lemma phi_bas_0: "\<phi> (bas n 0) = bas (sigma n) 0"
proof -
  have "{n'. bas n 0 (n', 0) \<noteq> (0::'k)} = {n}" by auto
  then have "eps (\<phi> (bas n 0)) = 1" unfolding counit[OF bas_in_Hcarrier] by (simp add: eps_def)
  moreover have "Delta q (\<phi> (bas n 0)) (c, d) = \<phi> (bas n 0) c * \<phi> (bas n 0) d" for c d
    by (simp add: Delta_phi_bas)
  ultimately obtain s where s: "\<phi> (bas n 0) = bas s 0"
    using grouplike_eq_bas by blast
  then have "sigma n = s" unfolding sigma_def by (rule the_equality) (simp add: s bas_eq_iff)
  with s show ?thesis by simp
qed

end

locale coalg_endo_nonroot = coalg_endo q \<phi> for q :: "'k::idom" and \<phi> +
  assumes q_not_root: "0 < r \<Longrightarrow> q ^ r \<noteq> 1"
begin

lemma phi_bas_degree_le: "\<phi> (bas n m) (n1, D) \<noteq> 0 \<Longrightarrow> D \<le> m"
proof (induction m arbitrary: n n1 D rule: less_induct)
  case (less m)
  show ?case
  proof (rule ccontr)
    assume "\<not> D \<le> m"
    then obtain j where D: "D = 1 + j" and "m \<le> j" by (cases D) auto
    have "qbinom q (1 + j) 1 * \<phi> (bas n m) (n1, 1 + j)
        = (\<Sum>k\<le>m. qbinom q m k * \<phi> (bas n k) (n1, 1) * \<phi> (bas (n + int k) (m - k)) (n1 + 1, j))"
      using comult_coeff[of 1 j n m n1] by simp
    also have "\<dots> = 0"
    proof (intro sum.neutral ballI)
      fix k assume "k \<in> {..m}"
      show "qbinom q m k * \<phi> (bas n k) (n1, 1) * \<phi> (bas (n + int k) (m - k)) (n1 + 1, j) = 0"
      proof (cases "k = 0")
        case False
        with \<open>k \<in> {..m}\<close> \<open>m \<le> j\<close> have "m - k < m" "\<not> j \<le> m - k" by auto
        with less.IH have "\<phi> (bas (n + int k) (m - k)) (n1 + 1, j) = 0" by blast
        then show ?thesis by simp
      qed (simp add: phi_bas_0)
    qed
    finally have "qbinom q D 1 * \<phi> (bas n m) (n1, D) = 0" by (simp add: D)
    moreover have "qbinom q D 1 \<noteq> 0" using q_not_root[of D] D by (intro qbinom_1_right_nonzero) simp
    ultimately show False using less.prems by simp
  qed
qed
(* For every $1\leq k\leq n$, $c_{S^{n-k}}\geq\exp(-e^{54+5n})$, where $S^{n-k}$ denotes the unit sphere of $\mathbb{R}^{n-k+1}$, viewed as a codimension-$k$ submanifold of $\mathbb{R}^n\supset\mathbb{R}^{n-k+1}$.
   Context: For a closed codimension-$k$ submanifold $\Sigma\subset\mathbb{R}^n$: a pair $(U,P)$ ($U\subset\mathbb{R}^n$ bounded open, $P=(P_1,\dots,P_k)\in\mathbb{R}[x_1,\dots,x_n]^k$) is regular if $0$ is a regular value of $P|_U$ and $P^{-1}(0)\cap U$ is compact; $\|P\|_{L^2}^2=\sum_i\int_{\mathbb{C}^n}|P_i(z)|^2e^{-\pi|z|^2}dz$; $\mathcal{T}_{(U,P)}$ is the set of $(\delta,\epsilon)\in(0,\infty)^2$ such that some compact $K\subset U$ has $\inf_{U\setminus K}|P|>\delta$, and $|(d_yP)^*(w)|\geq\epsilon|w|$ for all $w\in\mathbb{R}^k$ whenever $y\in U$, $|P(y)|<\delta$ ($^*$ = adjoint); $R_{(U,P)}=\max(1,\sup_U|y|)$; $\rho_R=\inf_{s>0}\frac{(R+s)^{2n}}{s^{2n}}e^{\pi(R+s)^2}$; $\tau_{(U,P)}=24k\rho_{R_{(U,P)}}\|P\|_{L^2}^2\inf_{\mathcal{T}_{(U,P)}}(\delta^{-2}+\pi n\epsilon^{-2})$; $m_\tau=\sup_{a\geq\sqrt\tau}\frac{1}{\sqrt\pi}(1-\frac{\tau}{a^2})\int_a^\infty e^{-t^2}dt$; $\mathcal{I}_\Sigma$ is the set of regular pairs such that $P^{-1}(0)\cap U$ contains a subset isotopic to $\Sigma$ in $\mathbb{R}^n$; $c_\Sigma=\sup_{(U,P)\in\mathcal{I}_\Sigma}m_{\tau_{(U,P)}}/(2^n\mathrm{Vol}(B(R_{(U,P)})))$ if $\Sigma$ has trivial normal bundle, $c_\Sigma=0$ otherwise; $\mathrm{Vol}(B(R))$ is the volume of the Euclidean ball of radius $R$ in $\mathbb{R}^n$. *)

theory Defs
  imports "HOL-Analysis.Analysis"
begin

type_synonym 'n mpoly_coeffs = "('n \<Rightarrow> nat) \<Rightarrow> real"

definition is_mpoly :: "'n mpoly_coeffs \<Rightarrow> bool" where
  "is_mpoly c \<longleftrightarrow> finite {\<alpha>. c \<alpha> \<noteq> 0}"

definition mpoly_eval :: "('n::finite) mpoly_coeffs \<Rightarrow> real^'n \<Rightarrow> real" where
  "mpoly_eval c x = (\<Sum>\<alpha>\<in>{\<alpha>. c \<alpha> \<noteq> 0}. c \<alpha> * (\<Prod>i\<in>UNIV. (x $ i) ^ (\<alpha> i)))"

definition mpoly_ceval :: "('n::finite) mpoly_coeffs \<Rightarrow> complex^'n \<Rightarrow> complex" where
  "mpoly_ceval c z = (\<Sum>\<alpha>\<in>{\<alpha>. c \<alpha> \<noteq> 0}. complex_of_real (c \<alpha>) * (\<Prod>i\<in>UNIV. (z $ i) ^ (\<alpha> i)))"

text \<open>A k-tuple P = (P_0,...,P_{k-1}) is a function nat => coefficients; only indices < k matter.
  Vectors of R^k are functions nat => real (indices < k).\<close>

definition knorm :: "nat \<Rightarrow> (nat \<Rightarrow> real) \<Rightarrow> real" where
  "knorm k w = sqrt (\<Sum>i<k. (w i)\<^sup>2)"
-=-=-=-=-
**PROMPT**
Give back exactly the material above from its opening line to the line bearing "by (simp add: Delta_phi_bas)".

**ANSWER TO THE EXERCISE**
lemma phi_bas_0: "\<phi> (bas n 0) = bas (sigma n) 0"
proof -
  have "{n'. bas n 0 (n', 0) \<noteq> (0::'k)} = {n}" by auto
  then have "eps (\<phi> (bas n 0)) = 1" unfolding counit[OF bas_in_Hcarrier] by (simp add: eps_def)
  moreover have "Delta q (\<phi> (bas n 0)) (c, d) = \<phi> (bas n 0) c * \<phi> (bas n 0) d" for c d
    by (simp add: Delta_phi_bas)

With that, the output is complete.